◆ **Brief**: Copy out each line of the material below with no changes.

◆ **Dataset content**:
• • • •

lemma real_lt_powr_of_pow6_lt_pow5:
  fixes N p :: nat
  assumes "N ^ 6 < p ^ 5"
  shows "real N < real p powr 0.835"
proof (rule ccontr)
  assume "\<not> real N < real p powr 0.835"
  then have N: "real p powr 0.835 \<le> real N" by simp
  have "p > 0" using assms by (cases p) simp_all
  then have "real p ^ 5 = real p powr 5"
    using powr_realpow[of "real p" 5] by simp
  also have "\<dots> \<le> real p powr (6 * 0.835)"
    using \<open>p > 0\<close> by (intro powr_mono) auto
  also have "\<dots> = (real p powr 0.835) ^ 6"
    using \<open>p > 0\<close> powr_power[of "real p" "0.835" 6] by simp
  also have "\<dots> \<le> real N ^ 6" using N by (simp add: power_mono)
  finally have "p ^ 5 \<le> N ^ 6" by (simp only: of_nat_power[symmetric] of_nat_le_iff)
  then show False using assms by simp
qed

theorem lemma3p4:
  fixes p :: nat and q :: rat and a :: nat
  assumes "prime p" and "a > 0"
  shows "real (card {d \<in> {0..p - 1}.
            rat_cong_p (\<Sum>i = a..a + d. 1 / of_nat (cp p i)) q p})
         < real p powr 0.835"
proof -
  have "{0..p - 1} = {0..<p}" using prime_gt_0_nat[OF assms(1)] by auto
  then have "{d \<in> {0..p - 1}. rat_cong_p (\<Sum>i = a..a + d. 1 / of_nat (cp p i)) q p}
      = cp_solutions p q a {0..<p}"
    by (simp add: cp_solutions_def cp_sum_def)
  moreover have "card (cp_solutions p q a {0..<p}) ^ 6 < p ^ 5"
    using pow6_lt_pow5_of_bounds[OF prime_ge_2_nat two_card_cp_solutions_le card_cp_solutions_le]
      assms by blast
  ultimately show ?thesis
    using real_lt_powr_of_pow6_lt_pow5 by simp
qed

end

• • • •

◆ **Exercise output**:
lemma real_lt_powr_of_pow6_lt_pow5:
  fixes N p :: nat
  assumes "N ^ 6 < p ^ 5"
  shows "real N < real p powr 0.835"
proof (rule ccontr)
  assume "\<not> real N < real p powr 0.835"
  then have N: "real p powr 0.835 \<le> real N" by simp
  have "p > 0" using assms by (cases p) simp_all
  then have "real p ^ 5 = real p powr 5"
    using powr_realpow[of "real p" 5] by simp
  also have "\<dots> \<le> real p powr (6 * 0.835)"
    using \<open>p > 0\<close> by (intro powr_mono) auto
  also have "\<dots> = (real p powr 0.835) ^ 6"
    using \<open>p > 0\<close> powr_power[of "real p" "0.835" 6] by simp
  also have "\<dots> \<le> real N ^ 6" using N by (simp add: power_mono)
  finally have "p ^ 5 \<le> N ^ 6" by (simp only: of_nat_power[symmetric] of_nat_le_iff)
  then show False using assms by simp
qed

theorem lemma3p4:
  fixes p :: nat and q :: rat and a :: nat
  assumes "prime p" and "a > 0"
  shows "real (card {d \<in> {0..p - 1}.
            rat_cong_p (\<Sum>i = a..a + d. 1 / of_nat (cp p i)) q p})
         < real p powr 0.835"
proof -
  have "{0..p - 1} = {0..<p}" using prime_gt_0_nat[OF assms(1)] by auto
  then have "{d \<in> {0..p - 1}. rat_cong_p (\<Sum>i = a..a + d. 1 / of_nat (cp p i)) q p}
      = cp_solutions p q a {0..<p}"
    by (simp add: cp_solutions_def cp_sum_def)
  moreover have "card (cp_solutions p q a {0..<p}) ^ 6 < p ^ 5"
    using pow6_lt_pow5_of_bounds[OF prime_ge_2_nat two_card_cp_solutions_le card_cp_solutions_le]
      assms by blast
  ultimately show ?thesis
    using real_lt_powr_of_pow6_lt_pow5 by simp
qed

end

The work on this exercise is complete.